Segment Start: DATASET EXCERPTS
lemma derives_occurrence:
  assumes "derives P x y" and "Nt B z' \<in> set y"
  shows "\<exists>A z. Nt A z \<in> set x \<and> (child P)\<^sup>*\<^sup>* (A, z) (B, z')"
  using assms unfolding derives_def
proof (induction arbitrary: B z' rule: rtranclp_induct)
  case (step y y')
  from step_occurrence[OF step.hyps(2) step.prems] show ?case
    by (metis rtranclp.rtrancl_into_rtrancl step.IH)
qed blast

lemma child_step:
  assumes "child P (A, z) (B, z')" shows "\<exists>u v. step P [Nt A z] (u @ [Nt B z'] @ v)"
  using assms
proof cases
  case (branch_left C)
  then have "step P [Nt A z] ([] @ [Nt B z'] @ [Nt C z])"
    using step.branch[of A B C P "[]" z "[]"] by simp
  then show ?thesis by blast
next
  case (branch_right C)
  then have "step P [Nt A z] ([Nt C z] @ [Nt B z'] @ [])"
    using step.branch[of A C B P "[]" z "[]"] by simp
  then show ?thesis by blast
next
  case (push f)
  then have "step P [Nt A z] ([] @ [Nt B z'] @ [])"
    using step.push[of A B f P "[]" z "[]"] by simp
  then show ?thesis by blast
next
  case (pop f)
  then have "step P [Nt A z] ([] @ [Nt B z'] @ [])"
    using step.pop[of A f B P "[]" z' "[]"] by simp
  then show ?thesis by blast
qed

lemma derives_term_iff_descendant:
  "(\<exists>u v. derives P [Nt A z] (u @ [Nt B z'] @ v)) \<longleftrightarrow> (child P)\<^sup>*\<^sup>* (A, z) (B, z')"
proof
  assume "\<exists>u v. derives P [Nt A z] (u @ [Nt B z'] @ v)"
  then obtain u v where "derives P [Nt A z] (u @ [Nt B z'] @ v)" by blast
  from derives_occurrence[OF this, of B z'] show "(child P)\<^sup>*\<^sup>* (A, z) (B, z')" by simp
next
  assume "(child P)\<^sup>*\<^sup>* (A, z) (B, z')"
  then show "\<exists>u v. derives P [Nt A z] (u @ [Nt B z'] @ v)"
  proof (induction rule: rtranclp_induct2)
    case refl
    have "derives P [Nt A z] ([] @ [Nt A z] @ [])" by (simp add: derives_def)
    then show ?case by blast
  next
    case (step C y D y')
    obtain u v where "derives P [Nt A z] (u @ [Nt C y] @ v)" using step.IH by blast
    moreover obtain u' v' where "step P [Nt C y] (u' @ [Nt D y'] @ v')"
      using child_step[OF step.hyps(2)] by blast
    then have "derives P (u @ [Nt C y] @ v) (u @ (u' @ [Nt D y'] @ v') @ v)"
      by (intro derives_append_context) (simp add: derives_def)
    ultimately have "derives P [Nt A z] ((u @ u') @ [Nt D y'] @ (v' @ v))"
      unfolding derives_def by simp
    then show ?case by blast
  qed
qed

lemma child_append_stack_iff:
  "child P (A, z @ s) (B, z' @ s) \<longleftrightarrow> child P (A, z) (B, z')"
proof
  assume "child P (A, z @ s) (B, z' @ s)"
  then show "child P (A, z) (B, z')"
  proof cases
    case (pop f)
    then have "z = f # z'" by (cases z) (auto dest: arg_cong[of _ _ length])
    then show ?thesis using pop by (auto intro: child.intros)
  qed (auto intro: child.intros)
qed (cases rule: child.cases, auto intro: child.intros)

lemma rtranclp_child_append_stack:
  assumes "(child P)\<^sup>*\<^sup>* (A, z) (B, z')" shows "(child P)\<^sup>*\<^sup>* (A, z @ s) (B, z' @ s)"
  using assms
  by (induction rule: rtranclp_induct2)
    (auto intro: rtranclp.rtrancl_into_rtrancl simp: child_append_stack_iff)

lemma child_onto_stack:
  assumes "child P (A, z) (B, w @ g # s)"
  shows "w = [] \<and> z = s \<and> PushP A B g \<in> P \<or>
    (\<exists>w0. z = w0 @ g # s \<and> child P (A, w0) (B, w))"
  using assms
proof cases
  case (branch_left C)
  then show ?thesis using child.branch_left[of A B C P w] by auto
next
  case (branch_right C)
  then show ?thesis using child.branch_right[of A C B P w] by auto
next
  case (push f)
  then show ?thesis
  proof (cases w)
    case Nil
    then show ?thesis using push by simp
  next
    case (Cons f' w')
    then show ?thesis using push child.push[of A B f P w'] by auto
  qed
next
  case (pop f)
  then show ?thesis using child.pop[of A f B P w] by fastforce
qed

lemma rtranclp_child_pushed:
  assumes "(child P)\<^sup>*\<^sup>* (A0, []) (B, w @ g # s)"
  shows "\<exists>A' B'. (child P)\<^sup>*\<^sup>* (A0, []) (A', s) \<and> PushP A' B' g \<in> P \<and>
    (child P)\<^sup>*\<^sup>* (B', []) (B, w)"
  using assms
proof (induction "(B, w @ g # s)" arbitrary: B w rule: rtranclp_induct)
  case (step q)
  obtain A z where q: "q = (A, z)" by fastforce
  from child_onto_stack[of P A z B w g s] step.hyps(2) q
  consider "w = []" "z = s" "PushP A B g \<in> P"
    | w0 where "z = w0 @ g # s" "child P (A, w0) (B, w)"
    by blast
  then show ?case
  proof cases
    case 1
    then show ?thesis using step.hyps(1) q by blast
  next
    case 2
    then show ?thesis using step.hyps(3)[of A w0] q by (meson rtranclp.rtrancl_into_rtrancl)
  qed
qed simp

lemma ann_PushP_iff:
  "PushP a b (f, Z) \<in> ann P \<longleftrightarrow>
     (\<exists>A B. a = (A, Z) \<and> b = (B, dot P [f] Z) \<and>
        PushP A B f \<in> P \<and> A \<in> Z \<and> B \<in> dot P [f] Z)"
  unfolding ann_def by auto

lemma RX_iff_descendant:
  "RX P X A B \<longleftrightarrow> A \<in> X \<and> B \<in> X \<and> (child (ann P))\<^sup>*\<^sup>* ((A, X), []) ((B, X), [])"
  unfolding RX_def derives_term_iff_descendant by (rule refl)

lemma ann_stack_snoc: "ann_stack P (z @ [f]) X = ann_stack P z (dot P [f] X) @ [(f, X)]"
  by (simp add: ann_stack_def)

lemma ann_stack_Cons:
  "ann_stack P (f # z) X = (f, foldr (\<lambda>g. dot P [g]) z X) # ann_stack P z X"
proof (induction z arbitrary: X rule: rev_induct)
  case Nil
  then show ?case by (simp add: ann_stack_def)
next
  case (snoc g z)
  then show ?case using ann_stack_snoc[of P "f # z" g X] by (simp add: ann_stack_snoc)
qed

lemma ann_stack_eq_Nil_iff: "ann_stack P z X = [] \<longleftrightarrow> z = []"
  by (cases z) (simp add: ann_stack_def, simp add: ann_stack_Cons)

lemma phi_Nil: "phi P \<alpha> \<beta> [] = One"
  by (simp add: phi_def)

lemma phi_Cons: "phi P \<alpha> \<beta> (a # w) = mmult P (phi_letter P \<alpha> \<beta> a) (phi P \<alpha> \<beta> w)"
  by (simp add: phi_def)

lemma mmult_phi_letter_eq_Elem:
  "mmult P (phi_letter P \<alpha> \<beta> (f, Z)) e = Elem B Y M A X \<longleftrightarrow>
     B = \<beta> f \<and> Y = dot P [f] Z \<and>
     (e = One \<and> M = Mfx P f Z \<and> A = \<alpha> f \<and> X = Z \<or>
      (\<exists>B1 M1. e = Elem B1 Z M1 A X \<and> RX P Z B1 (\<alpha> f) \<and> M = bmult M1 (Mfx P f Z)))"
  by (cases e) (auto simp: phi_letter_def)

lemma phi_eq_One_iff: "phi P \<alpha> \<beta> w = One \<longleftrightarrow> w = []"
proof (cases w)
  case (Cons a w')
  then show ?thesis
    by (cases a; cases "phi P \<alpha> \<beta> w'") (simp_all add: phi_Cons phi_letter_def)
qed (simp add: phi_Nil)

lemma phi_ann_stack_Cons_eq_Elem:
  assumes "phi P \<alpha> \<beta> (ann_stack P (f # z) X) = Elem B Y M A X'"
  defines "Z \<equiv> foldr (\<lambda>g. dot P [g]) z X"
  shows "B = \<beta> f \<and> Y = dot P [f] Z \<and>
    (z = [] \<and> A = \<alpha> f \<and> X' = X \<or>
     (\<exists>B1 M1. phi P \<alpha> \<beta> (ann_stack P z X) = Elem B1 Z M1 A X' \<and> RX P Z B1 (\<alpha> f)))"
proof -
  from assms(1) have
    "mmult P (phi_letter P \<alpha> \<beta> (f, Z)) (phi P \<alpha> \<beta> (ann_stack P z X)) = Elem B Y M A X'"
    by (simp add: ann_stack_Cons phi_Cons Z_def)
  then show ?thesis
    unfolding mmult_phi_letter_eq_Elem by (auto simp: phi_eq_One_iff ann_stack_eq_Nil_iff Z_def)
qed

lemma phi_ann_stack_eq_Elem:
  assumes "phi P \<alpha> \<beta> (ann_stack P z X) = Elem B Y M A X'"
  shows "z \<noteq> [] \<and> X' = X \<and> Y = foldr (\<lambda>g. dot P [g]) z X \<and> B = \<beta> (hd z) \<and> A = \<alpha> (last z)"
  using assms
proof (induction z arbitrary: B Y M A)
  case Nil
  then show ?case by (simp add: ann_stack_def phi_Nil)
next
  case (Cons f z)
  from phi_ann_stack_Cons_eq_Elem[OF Cons.prems] show ?case using Cons.IH by auto
qed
Segment End: DATASET EXCERPTS
EXERCISE => Which lines of the records contain "induction"? Show each of them.

YOUR SOLUTION =>
proof (induction arbitrary: B z' rule: rtranclp_induct)
  proof (induction rule: rtranclp_induct2)
  by (induction rule: rtranclp_induct2)
proof (induction "(B, w @ g # s)" arbitrary: B w rule: rtranclp_induct)
proof (induction z arbitrary: X rule: rev_induct)
proof (induction z arbitrary: B Y M A)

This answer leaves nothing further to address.